**Task details:**
If a line in the records below contains the word "coercive", return that line.

**Dataset items:**
************

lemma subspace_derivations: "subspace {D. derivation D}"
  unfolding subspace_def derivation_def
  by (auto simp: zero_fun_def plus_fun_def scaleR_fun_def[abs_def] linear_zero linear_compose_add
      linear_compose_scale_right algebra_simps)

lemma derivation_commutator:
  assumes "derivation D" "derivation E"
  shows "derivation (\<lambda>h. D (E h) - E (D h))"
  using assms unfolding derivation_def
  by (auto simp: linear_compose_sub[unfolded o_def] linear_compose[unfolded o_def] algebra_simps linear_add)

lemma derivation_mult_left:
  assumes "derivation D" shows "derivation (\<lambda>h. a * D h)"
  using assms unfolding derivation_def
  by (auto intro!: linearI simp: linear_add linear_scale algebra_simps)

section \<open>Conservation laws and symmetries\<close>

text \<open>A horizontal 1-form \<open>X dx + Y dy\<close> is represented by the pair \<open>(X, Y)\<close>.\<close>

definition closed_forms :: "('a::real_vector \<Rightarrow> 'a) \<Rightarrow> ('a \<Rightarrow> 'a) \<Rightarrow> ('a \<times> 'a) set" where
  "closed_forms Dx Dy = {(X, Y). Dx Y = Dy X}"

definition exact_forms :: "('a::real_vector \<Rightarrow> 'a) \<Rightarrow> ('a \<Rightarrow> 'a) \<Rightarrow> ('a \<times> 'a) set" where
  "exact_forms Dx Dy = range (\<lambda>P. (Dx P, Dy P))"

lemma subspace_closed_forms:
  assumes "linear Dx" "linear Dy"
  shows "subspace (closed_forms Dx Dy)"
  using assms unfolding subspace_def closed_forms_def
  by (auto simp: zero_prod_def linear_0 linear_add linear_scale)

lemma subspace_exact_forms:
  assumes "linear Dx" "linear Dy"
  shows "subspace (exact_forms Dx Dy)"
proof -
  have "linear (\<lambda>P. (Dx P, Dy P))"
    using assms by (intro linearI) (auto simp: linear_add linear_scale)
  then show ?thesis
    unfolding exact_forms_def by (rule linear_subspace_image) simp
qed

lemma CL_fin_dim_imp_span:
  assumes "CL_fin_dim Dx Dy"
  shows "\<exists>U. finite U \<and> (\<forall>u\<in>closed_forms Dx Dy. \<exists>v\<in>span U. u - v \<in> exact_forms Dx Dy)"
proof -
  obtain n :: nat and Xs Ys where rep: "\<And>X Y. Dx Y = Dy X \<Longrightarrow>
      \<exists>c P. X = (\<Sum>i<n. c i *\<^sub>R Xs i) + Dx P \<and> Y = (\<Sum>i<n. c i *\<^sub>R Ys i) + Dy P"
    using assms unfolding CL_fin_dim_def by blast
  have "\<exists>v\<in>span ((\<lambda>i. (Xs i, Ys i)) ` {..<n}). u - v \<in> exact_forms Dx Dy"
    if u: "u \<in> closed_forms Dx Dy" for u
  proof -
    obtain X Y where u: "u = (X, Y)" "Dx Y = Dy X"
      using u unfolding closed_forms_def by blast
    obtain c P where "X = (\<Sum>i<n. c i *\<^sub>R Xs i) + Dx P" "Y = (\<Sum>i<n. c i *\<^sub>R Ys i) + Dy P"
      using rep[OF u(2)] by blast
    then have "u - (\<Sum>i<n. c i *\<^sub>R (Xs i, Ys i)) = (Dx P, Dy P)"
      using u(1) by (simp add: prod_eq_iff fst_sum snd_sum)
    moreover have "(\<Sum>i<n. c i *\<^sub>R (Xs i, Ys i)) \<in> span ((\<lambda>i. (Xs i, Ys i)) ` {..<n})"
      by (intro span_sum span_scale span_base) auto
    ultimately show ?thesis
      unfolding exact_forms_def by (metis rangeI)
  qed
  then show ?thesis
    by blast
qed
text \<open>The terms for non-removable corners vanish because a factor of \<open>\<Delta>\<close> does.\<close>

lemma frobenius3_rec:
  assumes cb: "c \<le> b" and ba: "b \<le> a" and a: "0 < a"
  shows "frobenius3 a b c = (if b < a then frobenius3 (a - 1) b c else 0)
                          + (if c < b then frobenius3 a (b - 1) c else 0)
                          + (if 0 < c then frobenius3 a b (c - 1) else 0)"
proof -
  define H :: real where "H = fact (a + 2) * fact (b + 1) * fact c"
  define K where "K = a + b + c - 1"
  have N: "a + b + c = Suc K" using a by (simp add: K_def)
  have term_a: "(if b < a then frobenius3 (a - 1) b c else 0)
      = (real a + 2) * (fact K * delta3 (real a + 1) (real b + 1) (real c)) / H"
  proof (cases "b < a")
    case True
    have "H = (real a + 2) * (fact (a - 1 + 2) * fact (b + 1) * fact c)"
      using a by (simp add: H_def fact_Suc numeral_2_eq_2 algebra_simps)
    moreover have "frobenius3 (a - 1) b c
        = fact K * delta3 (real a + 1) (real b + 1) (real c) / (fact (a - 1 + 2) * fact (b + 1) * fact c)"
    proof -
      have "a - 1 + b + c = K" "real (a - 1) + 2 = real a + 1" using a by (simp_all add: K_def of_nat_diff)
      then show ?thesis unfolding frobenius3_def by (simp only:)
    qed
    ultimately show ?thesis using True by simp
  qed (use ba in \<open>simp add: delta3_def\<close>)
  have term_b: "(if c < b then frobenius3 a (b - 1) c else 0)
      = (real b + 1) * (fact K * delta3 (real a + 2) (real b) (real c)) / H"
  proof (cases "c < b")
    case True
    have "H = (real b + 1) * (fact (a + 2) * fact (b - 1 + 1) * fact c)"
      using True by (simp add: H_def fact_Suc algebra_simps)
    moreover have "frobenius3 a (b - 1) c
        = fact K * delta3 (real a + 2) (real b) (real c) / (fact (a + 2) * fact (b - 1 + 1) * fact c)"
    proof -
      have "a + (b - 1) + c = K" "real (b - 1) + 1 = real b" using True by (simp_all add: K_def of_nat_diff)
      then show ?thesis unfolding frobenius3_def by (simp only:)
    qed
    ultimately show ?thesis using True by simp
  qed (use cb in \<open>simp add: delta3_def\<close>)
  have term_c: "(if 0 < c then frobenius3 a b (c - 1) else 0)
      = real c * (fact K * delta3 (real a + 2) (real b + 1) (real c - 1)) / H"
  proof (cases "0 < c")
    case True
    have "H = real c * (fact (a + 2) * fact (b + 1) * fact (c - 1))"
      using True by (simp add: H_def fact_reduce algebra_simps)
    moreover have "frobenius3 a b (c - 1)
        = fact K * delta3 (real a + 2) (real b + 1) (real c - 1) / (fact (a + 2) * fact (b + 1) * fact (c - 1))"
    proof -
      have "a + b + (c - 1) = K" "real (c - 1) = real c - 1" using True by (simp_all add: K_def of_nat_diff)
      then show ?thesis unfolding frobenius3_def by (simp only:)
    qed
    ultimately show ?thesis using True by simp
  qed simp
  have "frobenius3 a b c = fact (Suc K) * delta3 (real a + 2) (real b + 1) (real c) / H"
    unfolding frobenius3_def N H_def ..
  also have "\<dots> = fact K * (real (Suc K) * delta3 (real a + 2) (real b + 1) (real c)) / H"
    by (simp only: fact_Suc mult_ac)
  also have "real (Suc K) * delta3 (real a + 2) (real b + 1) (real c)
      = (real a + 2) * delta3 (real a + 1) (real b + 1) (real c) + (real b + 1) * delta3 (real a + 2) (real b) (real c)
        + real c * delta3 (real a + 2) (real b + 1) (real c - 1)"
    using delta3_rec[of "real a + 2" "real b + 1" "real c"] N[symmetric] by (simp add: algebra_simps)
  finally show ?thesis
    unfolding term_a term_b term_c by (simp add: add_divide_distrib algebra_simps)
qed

************

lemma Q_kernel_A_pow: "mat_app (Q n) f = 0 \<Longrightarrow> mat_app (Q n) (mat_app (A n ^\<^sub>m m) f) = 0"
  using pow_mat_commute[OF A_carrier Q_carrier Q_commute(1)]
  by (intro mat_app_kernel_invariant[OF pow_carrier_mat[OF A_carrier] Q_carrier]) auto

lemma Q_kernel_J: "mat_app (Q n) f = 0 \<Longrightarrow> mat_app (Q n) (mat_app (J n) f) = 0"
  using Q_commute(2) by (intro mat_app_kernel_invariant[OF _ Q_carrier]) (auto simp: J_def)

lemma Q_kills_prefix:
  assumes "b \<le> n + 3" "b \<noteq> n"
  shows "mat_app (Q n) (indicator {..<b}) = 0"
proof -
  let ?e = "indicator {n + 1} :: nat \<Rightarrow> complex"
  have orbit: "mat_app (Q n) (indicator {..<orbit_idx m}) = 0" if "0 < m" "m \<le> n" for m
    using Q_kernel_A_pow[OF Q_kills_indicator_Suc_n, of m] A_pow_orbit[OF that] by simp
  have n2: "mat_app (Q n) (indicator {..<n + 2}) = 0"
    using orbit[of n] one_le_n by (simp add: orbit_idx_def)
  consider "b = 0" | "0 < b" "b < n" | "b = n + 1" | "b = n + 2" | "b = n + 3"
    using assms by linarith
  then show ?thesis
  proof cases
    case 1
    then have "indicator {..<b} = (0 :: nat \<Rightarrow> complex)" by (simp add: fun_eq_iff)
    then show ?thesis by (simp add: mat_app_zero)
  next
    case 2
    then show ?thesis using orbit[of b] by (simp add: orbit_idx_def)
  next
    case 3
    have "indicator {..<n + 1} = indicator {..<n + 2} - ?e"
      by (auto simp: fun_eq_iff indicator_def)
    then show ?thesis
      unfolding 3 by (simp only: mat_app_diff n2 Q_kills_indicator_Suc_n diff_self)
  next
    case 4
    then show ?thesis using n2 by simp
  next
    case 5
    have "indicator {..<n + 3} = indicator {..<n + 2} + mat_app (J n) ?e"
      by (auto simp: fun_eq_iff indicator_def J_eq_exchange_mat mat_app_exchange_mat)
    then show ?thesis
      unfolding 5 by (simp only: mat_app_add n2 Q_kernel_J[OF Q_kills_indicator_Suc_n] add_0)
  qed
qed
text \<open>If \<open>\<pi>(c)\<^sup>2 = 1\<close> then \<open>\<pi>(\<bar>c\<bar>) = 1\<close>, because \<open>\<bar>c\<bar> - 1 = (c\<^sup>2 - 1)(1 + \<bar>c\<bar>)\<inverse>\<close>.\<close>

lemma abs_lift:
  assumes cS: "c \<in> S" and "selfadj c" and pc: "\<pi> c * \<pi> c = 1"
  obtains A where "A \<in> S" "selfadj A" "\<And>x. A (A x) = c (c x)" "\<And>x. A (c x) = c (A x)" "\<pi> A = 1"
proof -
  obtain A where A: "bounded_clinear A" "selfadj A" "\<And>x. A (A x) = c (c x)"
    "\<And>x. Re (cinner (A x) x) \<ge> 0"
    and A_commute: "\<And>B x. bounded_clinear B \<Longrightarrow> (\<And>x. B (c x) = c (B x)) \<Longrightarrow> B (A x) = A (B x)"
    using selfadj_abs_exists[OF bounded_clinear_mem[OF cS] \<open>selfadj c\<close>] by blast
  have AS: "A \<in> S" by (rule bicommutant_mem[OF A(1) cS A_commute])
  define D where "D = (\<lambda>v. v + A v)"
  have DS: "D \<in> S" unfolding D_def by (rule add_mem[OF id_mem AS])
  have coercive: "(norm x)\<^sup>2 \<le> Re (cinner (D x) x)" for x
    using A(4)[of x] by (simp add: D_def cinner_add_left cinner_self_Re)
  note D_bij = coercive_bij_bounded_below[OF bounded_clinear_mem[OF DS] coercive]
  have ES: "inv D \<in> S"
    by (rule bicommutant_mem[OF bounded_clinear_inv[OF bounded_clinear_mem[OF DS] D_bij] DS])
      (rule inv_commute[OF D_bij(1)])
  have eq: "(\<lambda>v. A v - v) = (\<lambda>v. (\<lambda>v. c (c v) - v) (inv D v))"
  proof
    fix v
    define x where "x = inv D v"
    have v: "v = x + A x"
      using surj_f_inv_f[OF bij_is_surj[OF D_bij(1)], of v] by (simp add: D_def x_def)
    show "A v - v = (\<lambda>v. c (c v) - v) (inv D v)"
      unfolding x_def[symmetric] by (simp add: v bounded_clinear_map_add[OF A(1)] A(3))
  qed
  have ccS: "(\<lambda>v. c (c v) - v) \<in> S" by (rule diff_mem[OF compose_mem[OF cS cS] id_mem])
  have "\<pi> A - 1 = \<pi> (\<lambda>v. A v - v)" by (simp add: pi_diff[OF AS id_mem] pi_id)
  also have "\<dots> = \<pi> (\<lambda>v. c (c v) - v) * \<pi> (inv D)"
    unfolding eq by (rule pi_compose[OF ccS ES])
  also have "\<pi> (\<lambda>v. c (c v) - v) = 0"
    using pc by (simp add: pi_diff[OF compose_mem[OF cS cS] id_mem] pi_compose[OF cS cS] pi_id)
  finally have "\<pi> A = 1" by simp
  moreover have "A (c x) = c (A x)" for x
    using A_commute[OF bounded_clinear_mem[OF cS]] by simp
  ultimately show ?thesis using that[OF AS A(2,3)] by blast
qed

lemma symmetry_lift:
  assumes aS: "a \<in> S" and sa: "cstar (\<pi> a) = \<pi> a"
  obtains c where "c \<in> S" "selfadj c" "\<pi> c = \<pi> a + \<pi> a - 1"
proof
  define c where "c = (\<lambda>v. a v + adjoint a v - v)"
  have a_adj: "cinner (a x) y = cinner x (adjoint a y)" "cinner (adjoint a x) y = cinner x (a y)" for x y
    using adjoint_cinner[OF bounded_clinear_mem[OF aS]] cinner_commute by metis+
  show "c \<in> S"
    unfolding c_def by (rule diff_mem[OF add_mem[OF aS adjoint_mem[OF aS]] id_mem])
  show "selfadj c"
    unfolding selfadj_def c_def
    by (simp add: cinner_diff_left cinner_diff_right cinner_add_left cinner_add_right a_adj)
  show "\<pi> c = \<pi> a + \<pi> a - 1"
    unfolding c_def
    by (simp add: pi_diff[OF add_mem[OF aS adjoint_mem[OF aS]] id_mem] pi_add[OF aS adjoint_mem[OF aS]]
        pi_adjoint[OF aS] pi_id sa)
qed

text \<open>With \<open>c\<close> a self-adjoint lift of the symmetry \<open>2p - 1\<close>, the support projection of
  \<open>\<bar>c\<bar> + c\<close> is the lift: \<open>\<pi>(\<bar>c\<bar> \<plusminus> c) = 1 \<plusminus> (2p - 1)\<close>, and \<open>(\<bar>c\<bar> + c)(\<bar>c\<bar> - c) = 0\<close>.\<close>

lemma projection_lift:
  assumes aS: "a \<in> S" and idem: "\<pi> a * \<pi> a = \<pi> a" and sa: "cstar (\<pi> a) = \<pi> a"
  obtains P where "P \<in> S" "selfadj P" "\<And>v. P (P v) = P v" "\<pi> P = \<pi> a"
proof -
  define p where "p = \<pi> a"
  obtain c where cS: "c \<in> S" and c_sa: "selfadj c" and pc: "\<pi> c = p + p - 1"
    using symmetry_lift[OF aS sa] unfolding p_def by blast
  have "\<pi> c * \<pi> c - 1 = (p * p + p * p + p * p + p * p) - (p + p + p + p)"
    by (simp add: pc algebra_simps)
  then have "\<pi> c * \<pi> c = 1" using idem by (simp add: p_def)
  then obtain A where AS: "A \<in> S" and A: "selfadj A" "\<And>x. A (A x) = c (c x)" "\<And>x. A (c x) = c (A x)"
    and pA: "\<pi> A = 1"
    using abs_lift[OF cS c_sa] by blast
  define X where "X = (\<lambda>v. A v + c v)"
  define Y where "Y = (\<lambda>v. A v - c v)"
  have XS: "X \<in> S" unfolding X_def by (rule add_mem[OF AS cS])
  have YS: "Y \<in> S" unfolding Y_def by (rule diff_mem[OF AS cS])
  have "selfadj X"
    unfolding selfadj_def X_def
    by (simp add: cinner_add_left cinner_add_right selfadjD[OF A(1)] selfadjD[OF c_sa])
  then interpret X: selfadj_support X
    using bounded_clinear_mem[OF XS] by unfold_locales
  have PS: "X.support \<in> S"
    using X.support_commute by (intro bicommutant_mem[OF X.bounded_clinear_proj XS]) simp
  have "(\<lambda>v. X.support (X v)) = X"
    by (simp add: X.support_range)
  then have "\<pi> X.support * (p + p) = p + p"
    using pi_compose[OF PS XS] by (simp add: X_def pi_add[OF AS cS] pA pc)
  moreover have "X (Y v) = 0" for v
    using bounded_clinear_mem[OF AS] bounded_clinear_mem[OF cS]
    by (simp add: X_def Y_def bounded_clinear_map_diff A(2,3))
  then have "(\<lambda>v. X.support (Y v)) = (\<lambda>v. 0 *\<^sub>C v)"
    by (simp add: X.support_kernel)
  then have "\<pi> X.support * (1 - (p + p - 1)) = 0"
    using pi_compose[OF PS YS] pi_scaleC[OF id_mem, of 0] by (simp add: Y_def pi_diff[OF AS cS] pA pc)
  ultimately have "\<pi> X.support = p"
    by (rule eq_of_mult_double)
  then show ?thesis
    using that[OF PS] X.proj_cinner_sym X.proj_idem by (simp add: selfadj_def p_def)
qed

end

************

**Response area:**
  have coercive: "(norm x)\<^sup>2 \<le> Re (cinner (D x) x)" for x
  note D_bij = coercive_bij_bounded_below[OF bounded_clinear_mem[OF DS] coercive]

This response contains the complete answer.